_WHAT IS REQUIRED_: Transcribe word for word the lines below from the line with "qed (simp add: J_def)" through the line with "using that by (metis (no_types, lifting)", ends included.

_INPUT MATERIAL_:
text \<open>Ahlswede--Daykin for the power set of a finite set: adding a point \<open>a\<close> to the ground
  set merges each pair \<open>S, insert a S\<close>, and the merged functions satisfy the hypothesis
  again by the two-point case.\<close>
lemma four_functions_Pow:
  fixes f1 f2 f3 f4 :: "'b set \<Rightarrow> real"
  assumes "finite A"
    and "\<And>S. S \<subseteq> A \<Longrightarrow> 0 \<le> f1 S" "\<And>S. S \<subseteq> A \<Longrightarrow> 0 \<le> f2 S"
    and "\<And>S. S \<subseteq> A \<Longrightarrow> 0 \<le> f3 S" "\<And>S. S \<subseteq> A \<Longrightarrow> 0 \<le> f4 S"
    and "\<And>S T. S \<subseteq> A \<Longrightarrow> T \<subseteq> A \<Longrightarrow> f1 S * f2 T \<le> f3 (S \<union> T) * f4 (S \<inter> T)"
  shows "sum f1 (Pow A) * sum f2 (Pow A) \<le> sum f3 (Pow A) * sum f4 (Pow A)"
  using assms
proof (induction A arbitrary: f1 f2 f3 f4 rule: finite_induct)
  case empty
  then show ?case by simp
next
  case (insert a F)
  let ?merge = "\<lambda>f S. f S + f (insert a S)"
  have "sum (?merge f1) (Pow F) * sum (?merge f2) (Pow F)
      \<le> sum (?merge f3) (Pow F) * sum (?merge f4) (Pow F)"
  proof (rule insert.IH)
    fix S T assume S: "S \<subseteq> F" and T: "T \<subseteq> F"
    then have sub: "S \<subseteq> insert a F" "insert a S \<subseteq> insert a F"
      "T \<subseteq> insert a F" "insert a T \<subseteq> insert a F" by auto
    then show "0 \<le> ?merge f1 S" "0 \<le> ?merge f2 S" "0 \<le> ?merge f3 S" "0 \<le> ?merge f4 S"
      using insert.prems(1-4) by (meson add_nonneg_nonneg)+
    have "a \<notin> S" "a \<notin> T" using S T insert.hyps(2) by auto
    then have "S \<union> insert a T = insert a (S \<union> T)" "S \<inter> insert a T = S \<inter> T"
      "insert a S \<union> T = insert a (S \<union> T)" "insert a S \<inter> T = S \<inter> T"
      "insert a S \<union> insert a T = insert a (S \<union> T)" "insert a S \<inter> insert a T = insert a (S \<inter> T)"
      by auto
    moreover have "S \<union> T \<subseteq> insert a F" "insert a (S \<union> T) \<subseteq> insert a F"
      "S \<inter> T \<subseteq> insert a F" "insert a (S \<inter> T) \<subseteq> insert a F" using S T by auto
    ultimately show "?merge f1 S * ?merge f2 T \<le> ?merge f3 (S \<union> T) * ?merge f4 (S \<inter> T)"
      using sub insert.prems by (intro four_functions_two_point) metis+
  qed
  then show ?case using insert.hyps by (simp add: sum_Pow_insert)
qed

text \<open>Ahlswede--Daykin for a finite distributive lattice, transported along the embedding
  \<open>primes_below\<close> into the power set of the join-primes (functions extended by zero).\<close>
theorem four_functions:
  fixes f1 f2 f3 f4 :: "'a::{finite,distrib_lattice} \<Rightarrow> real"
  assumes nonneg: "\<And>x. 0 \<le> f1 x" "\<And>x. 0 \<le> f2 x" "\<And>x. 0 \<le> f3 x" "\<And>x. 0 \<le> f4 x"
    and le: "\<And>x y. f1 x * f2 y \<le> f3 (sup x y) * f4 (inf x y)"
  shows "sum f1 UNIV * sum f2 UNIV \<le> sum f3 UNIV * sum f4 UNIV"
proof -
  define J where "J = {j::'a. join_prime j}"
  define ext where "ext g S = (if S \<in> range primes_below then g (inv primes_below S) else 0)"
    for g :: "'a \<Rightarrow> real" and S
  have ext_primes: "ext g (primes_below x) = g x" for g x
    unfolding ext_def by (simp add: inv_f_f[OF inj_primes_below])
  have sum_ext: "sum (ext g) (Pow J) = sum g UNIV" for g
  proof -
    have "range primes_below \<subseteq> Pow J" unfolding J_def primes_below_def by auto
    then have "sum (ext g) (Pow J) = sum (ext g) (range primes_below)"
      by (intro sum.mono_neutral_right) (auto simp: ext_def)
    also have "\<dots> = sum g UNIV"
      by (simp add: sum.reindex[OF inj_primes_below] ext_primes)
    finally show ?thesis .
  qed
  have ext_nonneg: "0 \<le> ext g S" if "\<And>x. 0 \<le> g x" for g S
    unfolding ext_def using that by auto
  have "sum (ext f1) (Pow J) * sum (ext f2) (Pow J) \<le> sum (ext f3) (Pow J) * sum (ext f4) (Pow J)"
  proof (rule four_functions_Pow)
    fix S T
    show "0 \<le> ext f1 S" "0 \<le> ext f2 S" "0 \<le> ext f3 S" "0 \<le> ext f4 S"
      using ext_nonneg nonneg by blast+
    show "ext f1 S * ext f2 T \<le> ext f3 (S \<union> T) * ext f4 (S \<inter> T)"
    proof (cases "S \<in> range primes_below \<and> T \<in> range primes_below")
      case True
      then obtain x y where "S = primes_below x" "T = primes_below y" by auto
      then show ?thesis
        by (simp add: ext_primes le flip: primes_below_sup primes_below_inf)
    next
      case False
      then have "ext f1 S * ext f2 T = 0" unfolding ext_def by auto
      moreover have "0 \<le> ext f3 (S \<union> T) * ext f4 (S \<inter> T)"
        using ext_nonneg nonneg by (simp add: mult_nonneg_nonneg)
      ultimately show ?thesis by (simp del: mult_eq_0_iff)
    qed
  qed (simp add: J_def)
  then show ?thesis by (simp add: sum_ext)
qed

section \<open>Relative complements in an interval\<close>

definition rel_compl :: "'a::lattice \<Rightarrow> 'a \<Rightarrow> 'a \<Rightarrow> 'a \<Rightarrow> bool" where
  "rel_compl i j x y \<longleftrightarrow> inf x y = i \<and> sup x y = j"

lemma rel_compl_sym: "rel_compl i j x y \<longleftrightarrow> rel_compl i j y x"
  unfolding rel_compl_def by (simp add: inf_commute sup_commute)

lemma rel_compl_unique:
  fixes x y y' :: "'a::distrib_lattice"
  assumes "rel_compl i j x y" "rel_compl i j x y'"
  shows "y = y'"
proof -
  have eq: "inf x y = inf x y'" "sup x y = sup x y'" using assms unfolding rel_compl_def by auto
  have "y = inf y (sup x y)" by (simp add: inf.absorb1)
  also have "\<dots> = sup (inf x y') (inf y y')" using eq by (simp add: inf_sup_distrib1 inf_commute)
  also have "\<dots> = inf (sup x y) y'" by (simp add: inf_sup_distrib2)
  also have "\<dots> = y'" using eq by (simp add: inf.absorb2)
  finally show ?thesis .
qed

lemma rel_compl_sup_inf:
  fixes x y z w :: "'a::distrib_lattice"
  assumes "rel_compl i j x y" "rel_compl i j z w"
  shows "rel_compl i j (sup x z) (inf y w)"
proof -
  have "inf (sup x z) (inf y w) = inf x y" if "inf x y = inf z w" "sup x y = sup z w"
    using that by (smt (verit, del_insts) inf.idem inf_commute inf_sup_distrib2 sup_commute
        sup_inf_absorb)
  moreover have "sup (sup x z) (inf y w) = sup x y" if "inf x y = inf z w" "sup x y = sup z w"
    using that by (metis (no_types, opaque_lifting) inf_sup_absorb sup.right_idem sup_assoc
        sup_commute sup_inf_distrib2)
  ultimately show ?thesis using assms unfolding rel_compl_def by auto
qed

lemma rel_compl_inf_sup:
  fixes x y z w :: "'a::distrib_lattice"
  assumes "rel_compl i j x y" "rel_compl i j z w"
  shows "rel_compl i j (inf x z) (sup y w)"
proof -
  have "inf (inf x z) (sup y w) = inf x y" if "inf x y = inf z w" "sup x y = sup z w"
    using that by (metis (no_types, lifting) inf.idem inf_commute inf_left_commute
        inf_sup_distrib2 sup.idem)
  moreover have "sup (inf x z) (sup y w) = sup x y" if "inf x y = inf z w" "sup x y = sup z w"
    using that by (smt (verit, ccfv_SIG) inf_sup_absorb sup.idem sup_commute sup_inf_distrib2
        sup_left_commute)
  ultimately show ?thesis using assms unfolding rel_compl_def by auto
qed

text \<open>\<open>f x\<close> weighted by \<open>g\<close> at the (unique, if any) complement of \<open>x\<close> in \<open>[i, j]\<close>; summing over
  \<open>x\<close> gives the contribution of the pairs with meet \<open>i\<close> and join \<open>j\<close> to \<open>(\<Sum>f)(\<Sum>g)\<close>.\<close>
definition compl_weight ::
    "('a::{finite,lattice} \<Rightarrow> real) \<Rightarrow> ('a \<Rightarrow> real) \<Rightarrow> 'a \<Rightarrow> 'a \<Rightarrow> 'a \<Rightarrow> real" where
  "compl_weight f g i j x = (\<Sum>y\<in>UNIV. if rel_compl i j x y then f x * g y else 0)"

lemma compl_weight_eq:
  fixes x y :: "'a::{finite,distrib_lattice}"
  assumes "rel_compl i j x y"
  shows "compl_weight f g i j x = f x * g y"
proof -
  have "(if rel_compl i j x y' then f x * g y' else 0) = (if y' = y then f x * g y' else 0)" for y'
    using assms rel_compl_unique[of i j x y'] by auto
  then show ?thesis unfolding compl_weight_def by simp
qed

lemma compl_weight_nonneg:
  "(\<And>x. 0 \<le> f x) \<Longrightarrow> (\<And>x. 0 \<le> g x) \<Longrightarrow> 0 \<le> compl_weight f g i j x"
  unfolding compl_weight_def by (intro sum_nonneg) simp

* * *

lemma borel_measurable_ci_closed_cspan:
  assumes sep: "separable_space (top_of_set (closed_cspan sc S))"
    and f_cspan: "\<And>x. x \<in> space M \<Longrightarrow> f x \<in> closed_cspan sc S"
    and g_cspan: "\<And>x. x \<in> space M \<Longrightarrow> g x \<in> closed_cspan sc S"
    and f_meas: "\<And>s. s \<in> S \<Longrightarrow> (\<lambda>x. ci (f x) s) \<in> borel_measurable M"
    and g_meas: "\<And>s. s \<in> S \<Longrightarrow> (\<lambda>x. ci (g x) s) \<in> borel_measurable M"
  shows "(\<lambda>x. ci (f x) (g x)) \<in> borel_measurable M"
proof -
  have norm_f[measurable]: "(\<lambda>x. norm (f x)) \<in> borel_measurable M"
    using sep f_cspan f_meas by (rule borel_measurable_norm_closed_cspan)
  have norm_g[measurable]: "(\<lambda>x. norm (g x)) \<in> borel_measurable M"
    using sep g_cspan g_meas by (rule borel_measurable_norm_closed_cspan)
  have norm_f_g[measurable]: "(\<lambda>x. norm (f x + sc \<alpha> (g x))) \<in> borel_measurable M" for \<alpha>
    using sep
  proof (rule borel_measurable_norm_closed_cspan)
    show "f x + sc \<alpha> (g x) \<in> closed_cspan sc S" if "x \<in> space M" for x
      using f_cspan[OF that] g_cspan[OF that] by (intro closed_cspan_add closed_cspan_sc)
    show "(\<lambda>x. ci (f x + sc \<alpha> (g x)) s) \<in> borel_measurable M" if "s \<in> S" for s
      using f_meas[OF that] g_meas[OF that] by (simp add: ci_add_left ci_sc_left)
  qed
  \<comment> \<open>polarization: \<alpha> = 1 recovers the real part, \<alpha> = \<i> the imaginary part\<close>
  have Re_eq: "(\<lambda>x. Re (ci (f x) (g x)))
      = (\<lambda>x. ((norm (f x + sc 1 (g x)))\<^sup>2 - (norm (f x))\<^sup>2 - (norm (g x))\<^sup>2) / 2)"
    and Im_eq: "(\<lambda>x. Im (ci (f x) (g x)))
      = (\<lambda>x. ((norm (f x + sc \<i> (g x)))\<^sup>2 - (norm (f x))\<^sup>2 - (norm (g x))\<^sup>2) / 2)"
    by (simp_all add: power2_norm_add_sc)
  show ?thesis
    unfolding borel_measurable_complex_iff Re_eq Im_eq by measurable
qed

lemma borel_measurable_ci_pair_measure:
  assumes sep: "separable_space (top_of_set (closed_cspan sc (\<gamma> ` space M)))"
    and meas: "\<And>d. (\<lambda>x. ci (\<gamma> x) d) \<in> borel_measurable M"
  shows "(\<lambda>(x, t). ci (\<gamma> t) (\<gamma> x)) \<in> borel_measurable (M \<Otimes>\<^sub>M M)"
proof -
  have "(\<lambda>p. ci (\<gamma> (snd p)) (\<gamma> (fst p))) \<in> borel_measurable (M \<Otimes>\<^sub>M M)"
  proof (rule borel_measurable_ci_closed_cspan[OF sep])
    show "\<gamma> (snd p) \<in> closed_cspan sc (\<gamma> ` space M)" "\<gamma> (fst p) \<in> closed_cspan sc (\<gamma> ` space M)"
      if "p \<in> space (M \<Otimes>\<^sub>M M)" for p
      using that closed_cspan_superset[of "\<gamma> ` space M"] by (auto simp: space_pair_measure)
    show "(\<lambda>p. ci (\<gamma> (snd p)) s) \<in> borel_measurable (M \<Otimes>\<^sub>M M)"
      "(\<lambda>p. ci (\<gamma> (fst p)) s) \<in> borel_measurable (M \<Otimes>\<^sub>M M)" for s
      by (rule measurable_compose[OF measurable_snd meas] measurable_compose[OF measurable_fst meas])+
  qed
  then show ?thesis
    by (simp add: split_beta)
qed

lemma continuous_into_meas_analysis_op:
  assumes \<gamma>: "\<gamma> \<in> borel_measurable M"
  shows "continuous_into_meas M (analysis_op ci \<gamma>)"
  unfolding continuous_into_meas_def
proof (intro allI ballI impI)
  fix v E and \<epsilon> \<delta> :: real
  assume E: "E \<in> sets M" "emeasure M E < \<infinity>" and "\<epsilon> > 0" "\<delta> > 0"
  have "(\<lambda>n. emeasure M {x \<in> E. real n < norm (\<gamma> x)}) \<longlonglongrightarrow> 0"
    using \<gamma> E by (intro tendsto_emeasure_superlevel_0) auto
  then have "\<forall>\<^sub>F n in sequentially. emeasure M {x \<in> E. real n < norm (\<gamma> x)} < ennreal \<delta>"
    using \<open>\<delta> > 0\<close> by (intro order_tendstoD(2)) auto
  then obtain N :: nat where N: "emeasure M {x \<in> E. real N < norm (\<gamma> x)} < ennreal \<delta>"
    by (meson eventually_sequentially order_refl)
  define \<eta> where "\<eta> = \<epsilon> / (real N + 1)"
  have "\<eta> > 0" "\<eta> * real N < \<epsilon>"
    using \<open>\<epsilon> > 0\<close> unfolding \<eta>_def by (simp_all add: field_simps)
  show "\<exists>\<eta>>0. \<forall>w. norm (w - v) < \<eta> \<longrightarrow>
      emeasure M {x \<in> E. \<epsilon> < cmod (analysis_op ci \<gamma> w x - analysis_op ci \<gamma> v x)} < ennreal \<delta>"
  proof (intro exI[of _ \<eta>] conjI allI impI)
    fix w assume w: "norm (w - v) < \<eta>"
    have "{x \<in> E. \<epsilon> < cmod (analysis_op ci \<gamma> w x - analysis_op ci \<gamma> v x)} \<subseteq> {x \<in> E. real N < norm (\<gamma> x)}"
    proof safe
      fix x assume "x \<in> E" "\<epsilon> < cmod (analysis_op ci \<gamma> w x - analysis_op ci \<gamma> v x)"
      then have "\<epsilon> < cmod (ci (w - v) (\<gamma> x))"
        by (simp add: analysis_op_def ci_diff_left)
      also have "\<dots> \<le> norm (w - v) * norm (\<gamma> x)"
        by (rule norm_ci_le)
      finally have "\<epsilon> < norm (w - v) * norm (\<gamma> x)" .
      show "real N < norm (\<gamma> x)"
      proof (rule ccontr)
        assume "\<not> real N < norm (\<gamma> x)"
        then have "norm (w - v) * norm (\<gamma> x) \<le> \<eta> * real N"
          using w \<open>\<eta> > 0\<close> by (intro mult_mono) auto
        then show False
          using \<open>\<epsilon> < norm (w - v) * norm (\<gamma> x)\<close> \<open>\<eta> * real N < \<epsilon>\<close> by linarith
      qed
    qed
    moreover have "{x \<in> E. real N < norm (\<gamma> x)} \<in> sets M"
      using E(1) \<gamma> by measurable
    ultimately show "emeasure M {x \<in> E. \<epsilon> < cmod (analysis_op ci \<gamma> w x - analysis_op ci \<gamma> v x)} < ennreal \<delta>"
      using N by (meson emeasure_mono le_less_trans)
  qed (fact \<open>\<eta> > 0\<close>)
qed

_EXPECTED ANSWER_:
  qed (simp add: J_def)
  then show ?thesis by (simp add: sum_ext)
qed

section \<open>Relative complements in an interval\<close>

definition rel_compl :: "'a::lattice \<Rightarrow> 'a \<Rightarrow> 'a \<Rightarrow> 'a \<Rightarrow> bool" where
  "rel_compl i j x y \<longleftrightarrow> inf x y = i \<and> sup x y = j"

lemma rel_compl_sym: "rel_compl i j x y \<longleftrightarrow> rel_compl i j y x"
  unfolding rel_compl_def by (simp add: inf_commute sup_commute)

lemma rel_compl_unique:
  fixes x y y' :: "'a::distrib_lattice"
  assumes "rel_compl i j x y" "rel_compl i j x y'"
  shows "y = y'"
proof -
  have eq: "inf x y = inf x y'" "sup x y = sup x y'" using assms unfolding rel_compl_def by auto
  have "y = inf y (sup x y)" by (simp add: inf.absorb1)
  also have "\<dots> = sup (inf x y') (inf y y')" using eq by (simp add: inf_sup_distrib1 inf_commute)
  also have "\<dots> = inf (sup x y) y'" by (simp add: inf_sup_distrib2)
  also have "\<dots> = y'" using eq by (simp add: inf.absorb2)
  finally show ?thesis .
qed

lemma rel_compl_sup_inf:
  fixes x y z w :: "'a::distrib_lattice"
  assumes "rel_compl i j x y" "rel_compl i j z w"
  shows "rel_compl i j (sup x z) (inf y w)"
proof -
  have "inf (sup x z) (inf y w) = inf x y" if "inf x y = inf z w" "sup x y = sup z w"
    using that by (smt (verit, del_insts) inf.idem inf_commute inf_sup_distrib2 sup_commute
        sup_inf_absorb)
  moreover have "sup (sup x z) (inf y w) = sup x y" if "inf x y = inf z w" "sup x y = sup z w"
    using that by (metis (no_types, opaque_lifting) inf_sup_absorb sup.right_idem sup_assoc
        sup_commute sup_inf_distrib2)
  ultimately show ?thesis using assms unfolding rel_compl_def by auto
qed

lemma rel_compl_inf_sup:
  fixes x y z w :: "'a::distrib_lattice"
  assumes "rel_compl i j x y" "rel_compl i j z w"
  shows "rel_compl i j (inf x z) (sup y w)"
proof -
  have "inf (inf x z) (sup y w) = inf x y" if "inf x y = inf z w" "sup x y = sup z w"
    using that by (metis (no_types, lifting) inf.idem inf_commute inf_left_commute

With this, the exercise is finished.